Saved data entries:

(* Let $n\ge 3$, let $\boldsymbol\ell=(\ell_1,\ldots,\ell_n)$ be a vector of positive numbers, and let $\mu,\tau_0\in\mathbb{R}$ be constants. Let $V_{\boldsymbol\ell}=\ell_1\cdots\ell_n$ be the volume of $(T^n,g_{\boldsymbol\ell})$. Consider the CMC conformal data set $(g_{\boldsymbol\ell},\ \mu\,\sigma^\flat_{\boldsymbol\ell},\ \tau_0)$ on $T^n$. \begin{enumerate} \item If $\tau_0$ and $\mu$ are nonzero and have the same sign, then the data set generates a CMC slice of a flat Kasner spacetime; the induced metric on the slice has volume $|\mu/\tau_0|\,V_{\boldsymbol\ell}$, and the Kasner spacetime is expanding if $\tau_0>0$ and contracting if $\tau_0<0$. \item If $\tau_0$ and $\mu$ are nonzero and have opposite signs, then the data set generates a CMC slice of a dual-to-flat Kasner spacetime; the induced metric on the slice has volume $|\mu/\tau_0|\,V_{\boldsymbol\ell}$, and the Kasner spacetime is expanding if $\tau_0>0$ and contracting if $\tau_0<0$. \item If $\tau_0=0$ and $\mu=0$, then the data set generates a homothety family (a one-parameter family related by constant rescalings) of CMC slices of static toroidal spacetimes. \item If exactly one of $\tau_0$, $\mu$ vanishes, then the data set generates no solution of the Einstein constraint equations. \end{enumerate}
   Context: Let $q=\frac{2n}{n-2}$ and $\kappa=\frac{n-1}{n}$. Let $S^1=\mathbb{R}/\mathbb{Z}$ with unit coordinate $s$ (so $\int_{S^1}ds=1$), and $T^n=(S^1)^n$ with unit coordinates $(s^1,\ldots,s^n)$. For positive lengths $\boldsymbol\ell$, $g_{\boldsymbol\ell}=\sum_{k=1}^n\ell_k^2(ds^k)^2$ (a flat metric). Define $\sigma^\flat_{\boldsymbol\ell}=\kappa\,\ell_1^2(ds^1)^2-\frac1n\sum_{k=2}^n\ell_k^2(ds^k)^2$, which is transverse-traceless (divergence-free and trace-free) with respect to $g_{\boldsymbol\ell}$. Einstein constraint equations for $(\bar g,\bar K)$ on $T^n$: $R_{\bar g}-|\bar K|^2_{\bar g}+(\mathrm{tr}_{\bar g}\bar K)^2=0$ and $\mathrm{div}_{\bar g}\bar K=d(\mathrm{tr}_{\bar g}\bar K)$. CMC conformal method: a data set $(g,\sigma,\tau_0)$ with $\sigma$ transverse-traceless and $\tau_0$ constant generates the solutions $\bar g=\phi^{q-2}g$, $\bar K=\phi^{-2}\sigma+\frac{\tau_0}{n}\bar g$ of the constraint equations, one for each positive solution $\phi$ of the Lichnerowicz–York equation $-2\kappa q\,\Delta_g\phi+R_g\phi-|\sigma|_g^2\phi^{-q-1}+\kappa\tau_0^2\phi^{q-1}=0$. A Kasner spacetime with exponents $\mathbf a=(a_1,\ldots,a_n)$ (satisfying $\sum a_k=1$, $\sum a_k^2=1$) and lengths $\bar{\boldsymbol\ell}$ is $\mathbb{R}_+\times T^n$ (expanding) or $\mathbb{R}_-\times T^n$ (contracting) with metric $-dt^2+\sum_k|t|^{2a_k}\bar\ell_k^2(ds^k)^2$, time-oriented by $\partial_t$. It is flat Kasner if $\mathbf a=(1,0,\ldots,0)$ and dual-to-flat Kasner if $\mathbf a=(-2/q,2/n,\ldots,2/n)$. A static toroidal spacetime is $\mathbb{R}\times T^n$ with metric $-dt^2+g_{\boldsymbol\ell}$ for some lengths $\boldsymbol\ell$. A data set "generates a slice" of a spacetime if the generated $(\bar g,\bar K)$ is the induced metric and second fundamental form $K(X,Y)=-\langle n,\nabla_XY\rangle$ ($n$ the future unit normal) of an embedded spacelike hypersurface; CMC means constant mean curvature $\mathrm{tr}\,\bar K$. *)

theory Defs
  imports "HOL-Analysis.Analysis"
begin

→ **ACTIVITY**
Reproduce all the entries verbatim, leaving nothing out.

→ **THE COMPLETED TASK**
(* Let $n\ge 3$, let $\boldsymbol\ell=(\ell_1,\ldots,\ell_n)$ be a vector of positive numbers, and let $\mu,\tau_0\in\mathbb{R}$ be constants. Let $V_{\boldsymbol\ell}=\ell_1\cdots\ell_n$ be the volume of $(T^n,g_{\boldsymbol\ell})$. Consider the CMC conformal data set $(g_{\boldsymbol\ell},\ \mu\,\sigma^\flat_{\boldsymbol\ell},\ \tau_0)$ on $T^n$. \begin{enumerate} \item If $\tau_0$ and $\mu$ are nonzero and have the same sign, then the data set generates a CMC slice of a flat Kasner spacetime; the induced metric on the slice has volume $|\mu/\tau_0|\,V_{\boldsymbol\ell}$, and the Kasner spacetime is expanding if $\tau_0>0$ and contracting if $\tau_0<0$. \item If $\tau_0$ and $\mu$ are nonzero and have opposite signs, then the data set generates a CMC slice of a dual-to-flat Kasner spacetime; the induced metric on the slice has volume $|\mu/\tau_0|\,V_{\boldsymbol\ell}$, and the Kasner spacetime is expanding if $\tau_0>0$ and contracting if $\tau_0<0$. \item If $\tau_0=0$ and $\mu=0$, then the data set generates a homothety family (a one-parameter family related by constant rescalings) of CMC slices of static toroidal spacetimes. \item If exactly one of $\tau_0$, $\mu$ vanishes, then the data set generates no solution of the Einstein constraint equations. \end{enumerate}
   Context: Let $q=\frac{2n}{n-2}$ and $\kappa=\frac{n-1}{n}$. Let $S^1=\mathbb{R}/\mathbb{Z}$ with unit coordinate $s$ (so $\int_{S^1}ds=1$), and $T^n=(S^1)^n$ with unit coordinates $(s^1,\ldots,s^n)$. For positive lengths $\boldsymbol\ell$, $g_{\boldsymbol\ell}=\sum_{k=1}^n\ell_k^2(ds^k)^2$ (a flat metric). Define $\sigma^\flat_{\boldsymbol\ell}=\kappa\,\ell_1^2(ds^1)^2-\frac1n\sum_{k=2}^n\ell_k^2(ds^k)^2$, which is transverse-traceless (divergence-free and trace-free) with respect to $g_{\boldsymbol\ell}$. Einstein constraint equations for $(\bar g,\bar K)$ on $T^n$: $R_{\bar g}-|\bar K|^2_{\bar g}+(\mathrm{tr}_{\bar g}\bar K)^2=0$ and $\mathrm{div}_{\bar g}\bar K=d(\mathrm{tr}_{\bar g}\bar K)$. CMC conformal method: a data set $(g,\sigma,\tau_0)$ with $\sigma$ transverse-traceless and $\tau_0$ constant generates the solutions $\bar g=\phi^{q-2}g$, $\bar K=\phi^{-2}\sigma+\frac{\tau_0}{n}\bar g$ of the constraint equations, one for each positive solution $\phi$ of the Lichnerowicz–York equation $-2\kappa q\,\Delta_g\phi+R_g\phi-|\sigma|_g^2\phi^{-q-1}+\kappa\tau_0^2\phi^{q-1}=0$. A Kasner spacetime with exponents $\mathbf a=(a_1,\ldots,a_n)$ (satisfying $\sum a_k=1$, $\sum a_k^2=1$) and lengths $\bar{\boldsymbol\ell}$ is $\mathbb{R}_+\times T^n$ (expanding) or $\mathbb{R}_-\times T^n$ (contracting) with metric $-dt^2+\sum_k|t|^{2a_k}\bar\ell_k^2(ds^k)^2$, time-oriented by $\partial_t$. It is flat Kasner if $\mathbf a=(1,0,\ldots,0)$ and dual-to-flat Kasner if $\mathbf a=(-2/q,2/n,\ldots,2/n)$. A static toroidal spacetime is $\mathbb{R}\times T^n$ with metric $-dt^2+g_{\boldsymbol\ell}$ for some lengths $\boldsymbol\ell$. A data set "generates a slice" of a spacetime if the generated $(\bar g,\bar K)$ is the induced metric and second fundamental form $K(X,Y)=-\langle n,\nabla_XY\rangle$ ($n$ the future unit normal) of an embedded spacelike hypersurface; CMC means constant mean curvature $\mathrm{tr}\,\bar K$. *)

theory Defs
  imports "HOL-Analysis.Analysis"
begin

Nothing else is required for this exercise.